\section{Discussion}\label{sec:discussion}

\paragraph{Attention Formulation.} 
In this paper, our attention formulation in Definition~\ref{def:forward_comp} exactly matches the softmax attention in the traditional notation system~\cite{vsp+17}, with only some basic notational differences. Specifically, recalling Definition~\ref{def:forward_comp}, we compute the query-key attention matrix as 
%\begin{align*}
$
D^{-1} \underbrace{\exp(X_{\ell} Q K^\top X_{\ell}^\top)}_{:=A}
$, 
%\end{align*}
where $D^{-1} A$ recovers the computation $\mathrm{Softmax}(\frac{\wt{Q} \wt{K}^\top}{\sqrt{d}})$ (with $\wt{Q} := X_{\ell} W_Q$, $\wt{K} := X_{\ell} W_K$) in~\cite{vsp+17}. 

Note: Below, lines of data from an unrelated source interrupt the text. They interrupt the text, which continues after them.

(* Let $T$ be a decomposition tree of a distance-hereditary graph $G$, and let $v$ be an internal node of $T$ labeled $\otimes$ with left child $v_l$ and right child $v_r$, such that property (P) holds at $v_l$ and at $v_r$. Then $\hat{min}(v)=\hat{min}(v_l)+\hat{min}(v_r)$.
   Context: All graphs are finite, simple, undirected. For a graph $H$ and $S\subseteq V(H)$, $N_H[S]$ is $S$ together with all vertices adjacent to a vertex of $S$, and $H[S]$ is the induced subgraph. Graphs carry a "twin set": a single-vertex graph on $x$ has twin set $\{x\}$. For vertex-disjoint graphs $G_l,G_r$ with twin sets $TS(G_l),TS(G_r)$: the true twin operation $G_l\otimes G_r$ has vertex set $V(G_l)\cup V(G_r)$, edge set $E(G_l)\cup E(G_r)\cup\{uw: u\in TS(G_l), w\in TS(G_r)\}$ and twin set $TS(G_l)\cup TS(G_r)$; the false twin operation $G_l\odot G_r$ has vertex set $V(G_l)\cup V(G_r)$, edge set $E(G_l)\cup E(G_r)$, twin set $TS(G_l)\cup TS(G_r)$; the attachment operation $G_l\oplus G_r$ has the same vertex and edge sets as $G_l\otimes G_r$ and twin set $TS(G_l)$. A decomposition tree $T$ of $G$ is a rooted binary tree whose leaves are in bijection with $V(G)$, each internal node having a left and a right child and a label in $\{\otimes,\odot,\oplus\}$; for each node $v$ define $\hat G(v)$ and $\hat{TS}(v)$ recursively: for a leaf $x$, the single-vertex graph on $x$ with twin set $\{x\}$; for an internal node $v$ with label $\circ$ and children $v_l,v_r$, $\hat G(v)=\hat G(v_l)\circ\hat G(v_r)$ with the corresponding twin set; one requires $\hat G(\text{root})=G$. Then $\hat G(v)$ is the subgraph of $G$ induced by the set $\hat V(v)$ of leaves below $v$. For a node $u$ and $0\le k\le|\hat{TS}(u)|$, call $S\subseteq\hat V(u)$ $k$-feasible if $\hat V(u)\setminus\hat{TS}(u)\subseteq N_{\hat G(u)}[S]$ and there is $X\subseteq S\cap\hat{TS}(u)$ with $|X|=k$ such that $\hat G(u)[S\setminus X]$ has a perfect matching. $\hat\gamma_k(u)$ is the minimum size of a $k$-feasible set. $\hat{min}(u)=\min\{\hat\gamma_k(u):0\le k\le|\hat{TS}(u)|\}$, and $\hat\alpha(u)$, $\hat\beta(u)$ are the smallest and the largest $k$ with $\hat\gamma_k(u)=\hat{min}(u)$. Property (P) holds at $u$ if for every $0\le k\le|\hat{TS}(u)|$: $\hat\gamma_k(u)=\hat{min}(u)+\hat\alpha(u)-k$ when $k\le\hat\alpha(u)$; $\hat\gamma_k(u)=\hat{min}(u)+k-\hat\beta(u)$ when $k\ge\hat\beta(u)$; $\hat\gamma_k(u)=\hat{min}(u)$ when $\hat\alpha(u)<k<\hat\beta(u)$ and $k-\hat\alpha(u)$ is even; and $\hat\gamma_k(u)=\hat{min}(u)+1$ otherwise. *)

theory Defs
  imports Main "HOL-Library.Extended_Nat"
begin

definition is_graph :: "'a set \<Rightarrow> 'a set set \<Rightarrow> bool" where
  "is_graph V E \<longleftrightarrow> finite V \<and> E \<subseteq> {e. \<exists>x y. e = {x, y} \<and> x \<noteq> y \<and> x \<in> V \<and> y \<in> V}"

definition induced_edges :: "'a set set \<Rightarrow> 'a set \<Rightarrow> 'a set set" where
  "induced_edges E S = {e \<in> E. e \<subseteq> S}"

definition closed_nbhd :: "'a set \<Rightarrow> 'a set set \<Rightarrow> 'a set \<Rightarrow> 'a set" where
  "closed_nbhd V E S = S \<union> {w \<in> V. \<exists>s \<in> S. {s, w} \<in> E}"

definition has_perfect_matching :: "'a set \<Rightarrow> 'a set set \<Rightarrow> bool" where
  "has_perfect_matching W E \<longleftrightarrow>
     (\<exists>M \<subseteq> induced_edges E W. \<forall>x \<in> W. \<exists>!e. e \<in> M \<and> x \<in> e)"

text \<open>Walks and distances (infinite if no walk exists).\<close>

definition is_walk :: "'a set \<Rightarrow> 'a set set \<Rightarrow> 'a list \<Rightarrow> bool" where
  "is_walk V E p \<longleftrightarrow> p \<noteq> [] \<and> set p \<subseteq> V \<and>
     (\<forall>i. Suc i < length p \<longrightarrow> {p ! i, p ! Suc i} \<in> E)"

definition gdist :: "'a set \<Rightarrow> 'a set set \<Rightarrow> 'a \<Rightarrow> 'a \<Rightarrow> enat" where
  "gdist V E x y = (INF p \<in> {p. is_walk V E p \<and> hd p = x \<and> last p = y}. enat (length p - 1))"

definition connected_graph :: "'a set \<Rightarrow> 'a set set \<Rightarrow> bool" where
  "connected_graph V E \<longleftrightarrow> V \<noteq> {} \<and> (\<forall>x \<in> V. \<forall>y \<in> V. gdist V E x y \<noteq> \<infinity>)"

definition distance_hereditary :: "'a set \<Rightarrow> 'a set set \<Rightarrow> bool" where
  "distance_hereditary V E \<longleftrightarrow>
     (\<forall>W \<subseteq> V. connected_graph W (induced_edges E W) \<longrightarrow>
        (\<forall>x \<in> W. \<forall>y \<in> W. gdist W (induced_edges E W) x y = gdist V E x y))"

datatype op = TrueTwin | FalseTwin | Attach

datatype 'a dtree = Leaf 'a | Node op "'a dtree" "'a dtree"

fun hV :: "'a dtree \<Rightarrow> 'a set" where
  "hV (Leaf x) = {x}"
| "hV (Node _ l r) = hV l \<union> hV r"

fun hTS :: "'a dtree \<Rightarrow> 'a set" where
  "hTS (Leaf x) = {x}"
| "hTS (Node TrueTwin l r) = hTS l \<union> hTS r"
| "hTS (Node FalseTwin l r) = hTS l \<union> hTS r"
| "hTS (Node Attach l r) = hTS l"

fun hE :: "'a dtree \<Rightarrow> 'a set set" where
  "hE (Leaf x) = {}"
| "hE (Node TrueTwin l r) = hE l \<union> hE r \<union> {{u, w} | u w. u \<in> hTS l \<and> w \<in> hTS r}"
| "hE (Node FalseTwin l r) = hE l \<union> hE r"
| "hE (Node Attach l r) = hE l \<union> hE r \<union> {{u, w} | u w. u \<in> hTS l \<and> w \<in> hTS r}"

text \<open>Leaves are in bijection with vertices: leaf labels are pairwise distinct.\<close>

fun distinct_leaves :: "'a dtree \<Rightarrow> bool" where
  "distinct_leaves (Leaf x) = True"
| "distinct_leaves (Node _ l r) \<longleftrightarrow> distinct_leaves l \<and> distinct_leaves r \<and> hV l \<inter> hV r = {}"

fun subtrees :: "'a dtree \<Rightarrow> 'a dtree set" where
  "subtrees (Leaf x) = {Leaf x}"
| "subtrees (Node o' l r) = insert (Node o' l r) (subtrees l \<union> subtrees r)"

definition decomp_tree :: "'a dtree \<Rightarrow> 'a set \<Rightarrow> 'a set set \<Rightarrow> bool" where
  "decomp_tree T V E \<longleftrightarrow> distinct_leaves T \<and> hV T = V \<and> hE T = E"

definition k_feasible :: "'a dtree \<Rightarrow> nat \<Rightarrow> 'a set \<Rightarrow> bool" where
  "k_feasible u k S \<longleftrightarrow> S \<subseteq> hV u \<and>
     hV u - hTS u \<subseteq> closed_nbhd (hV u) (hE u) S \<and>
     (\<exists>X \<subseteq> S \<inter> hTS u. card X = k \<and> has_perfect_matching (S - X) (hE u))"

text \<open>Minimum size of a k-feasible set (\<infinity> if there is none).\<close>

definition hgamma :: "'a dtree \<Rightarrow> nat \<Rightarrow> enat" where
  "hgamma u k = (INF S \<in> {S. k_feasible u k S}. enat (card S))"

definition hmin :: "'a dtree \<Rightarrow> enat" where
  "hmin u = Min ((hgamma u) ` {0..card (hTS u)})"

definition halpha :: "'a dtree \<Rightarrow> nat" where
  "halpha u = (LEAST k. k \<le> card (hTS u) \<and> hgamma u k = hmin u)"

definition hbeta :: "'a dtree \<Rightarrow> nat" where
  "hbeta u = (GREATEST k. k \<le> card (hTS u) \<and> hgamma u k = hmin u)"
text \<open>Restrict everything to the maximal torus T = {(a, 0) : |a| = 1} of SU2. The space W has
  a basis N_0, ..., N_2l (the image of the standard basis of V_l) on which (a, 0) acts by the
  weights a^(2k - 2l). Choose a point y whose T-orbit has coordinates a^(-e) (b0 + b1 a^s); then
  a^(e d) P(y(a)) is a polynomial of degree at most d in a^s, while equivariance writes
  a^(2l) P(y(a)) as the sum of c_k a^(2k). If the top weight coefficient c_2l is nonzero, comparing
  exponents on the unit circle gives that s divides e d + 2l and e d + 2l \<le> s d.

  For SO3 (e = 2, s = 4) y is orthogonal to the torus axis: P at the axis is torus invariant,
  hence of weight zero, and a rotation carrying the axis to y makes the top weight appear. For
  SO4 (e = 1, s = 2) the torus acts on H by left multiplication, and a generic rotation produces
  a point at which the top weight appears.\<close>

section \<open>Polynomials on the unit circle\<close>

lemma infinite_unit_circle: "infinite {a::complex. cmod a = 1}"
proof
  assume fin: "finite {a::complex. cmod a = 1}"
  have "{a::complex. cmod a = 1} = sphere 0 1" by auto
  with fin connected_finite_iff_sing[OF connected_sphere[of "0::complex" 1]]
  obtain c where "sphere (0::complex) 1 = {c}" by auto
  moreover have "1 \<in> sphere (0::complex) 1" "-1 \<in> sphere (0::complex) 1" by auto
  ultimately show False by auto
qed

lemma poly_eq_on_unit_circle:
  fixes p q :: "complex poly"
  assumes "\<And>a. cmod a = 1 \<Longrightarrow> poly p a = poly q a"
  shows "p = q"
proof (rule ccontr)
  assume "p \<noteq> q"
  then have "finite {a. poly (p - q) a = 0}" by (intro poly_roots_finite) simp
  moreover have "{a::complex. cmod a = 1} \<subseteq> {a. poly (p - q) a = 0}" using assms by auto
  ultimately show False using infinite_unit_circle finite_subset by blast
qed

lemma coeff_sum_monom:
  "coeff (\<Sum>i\<in>A. monom (c i) (f i)) n = (\<Sum>i\<in>A. if f i = n then c i else 0)"
  by (simp add: coeff_sum coeff_monom)

text \<open>Comparing the two sides as polynomials in a: the exponent q + 2K carries the nonzero
  coefficient w K on the right, so it must occur on the left, i.e. in p + s \<nat>.\<close>

lemma exponent_match_on_unit_circle:
  fixes Q :: "complex poly" and w :: "nat \<Rightarrow> complex"
  assumes eq: "\<And>a. cmod a = 1 \<Longrightarrow> a ^ p * poly Q (a ^ s) = a ^ q * (\<Sum>j\<le>K. w j * a ^ (2 * j))"
    and top: "w K \<noteq> 0"
  shows "p \<le> q + 2 * K \<and> s dvd (q + 2 * K - p) \<and> q + 2 * K - p \<le> s * degree Q"
proof -
  define A where "A = monom 1 p * (\<Sum>i\<le>degree Q. monom (coeff Q i) (s * i))"
  define B where "B = monom 1 q * (\<Sum>j\<le>K. monom (w j) (2 * j))"
  have "A = B"
  proof (rule poly_eq_on_unit_circle)
    fix a :: complex assume "cmod a = 1"
    have "poly A a = a ^ p * poly Q (a ^ s)"
      by (simp add: A_def poly_sum poly_monom poly_altdef[of Q "a ^ s"] power_mult)
    also have "\<dots> = poly B a"
      using eq[OF \<open>cmod a = 1\<close>] by (simp add: B_def poly_sum poly_monom)
    finally show "poly A a = poly B a" .
  qed
  have "coeff B (q + 2 * K) = w K"
    by (simp add: B_def coeff_monom_mult coeff_sum_monom)
  then have "coeff A (q + 2 * K) \<noteq> 0" using \<open>A = B\<close> top by simp
  then have "p \<le> q + 2 * K" and "\<exists>i\<le>degree Q. s * i = q + 2 * K - p"
    by (auto simp: A_def coeff_monom_mult coeff_sum_monom split: if_splits intro: ccontr)
  then show ?thesis by (metis dvd_triv_left mult_le_mono2)
qed

definition circle_binomial :: "nat \<Rightarrow> nat \<Rightarrow> (complex \<Rightarrow> complex) \<Rightarrow> bool" where
  "circle_binomial e s f \<longleftrightarrow> (\<exists>b0 b1. \<forall>a. cmod a = 1 \<longrightarrow> a ^ e * f a = b0 + b1 * a ^ s)"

The key difference is that we use $Q$ and $K$ to denote $W_Q$ and $W_K$, and we use $A$ to denote the numerator part of the softmax computation in each row, while $D^{-1}$ normalizes each row. This means that our theoretical result is highly practical, with perfect alignment to the Transformers used in real LLMs.

\paragraph{Generalization to Multi-Layer Attention.} 
Our main result in Theorem~\ref{thm:main_informal} can be easily generalized to the multilayer case. To show this, we first consider the recursive attention computation in Definition~\ref{def:forward_comp}:
\begin{align*}
%$
     X_{\ell+1} \gets D^{-1} \exp(X_{\ell} Q K^\top X_{\ell}^\top) X_{\ell} V,
%$
\end{align*}
where each layer computes its output based on the previous layer’s input and the weight matrices.

In this paper, our result states that given any arbitrary $X_\ell$ we treat the weights $QK^\top$ and $V$ as variables, and we can output a good approximation of $X_{\ell+1}$ denoted as (see
Definition 1.2). In another work~\cite{dsxy23}, they treat the input $X_\ell$ as a variable and study the training. Since our formulation and algorithm treat $X_\ell$ as an input and do not assume anything
specific about its origin, and we can directly combine our result with attention training in~\cite{dsxy23}, our results apply to any layer in the network. Therefore, our methods naturally extend to multi-layer attention by applying them iteratively at each layer.
 
\paragraph{Justification of Assumptions.} 
In this work, our goal is to design an efficient algorithm that can be applied to a broader range of modern transformer architectures. Consequently, our method does not rely on strict assumptions, requiring only assumptions on good initialization points of $x_0$ and $y_0$ (see Definition~\ref{def:assumptions}) and on the regularization term 
%\begin{align*}
$
    \| (W \otimes I) (A_1 \otimes A_2)x \|_2^2 + \| W A_3 y \|_F^2
$
%\end{align*}
in Definition~\ref{def:reg_term}. 

Both assumptions can be easily satisfied in practice. Specifically, the first assumption can be met by spending additional effort in selecting a suitable initialization point, while the second is a standard practice in attention optimization~\cite{gsy23_hyper,llr23} and widely accepted in the broader field of optimization. These assumptions are also weaker than those in previous works, as we do not rely on conditions such as $d = O(\log n)$, $d = o(\log^2 n)$, or bounded entry assumptions as in~\cite{as23,zhdk23}, nor do we overly simplify the problem as in~\cite{syz23,gsy23_hyper,dls23}.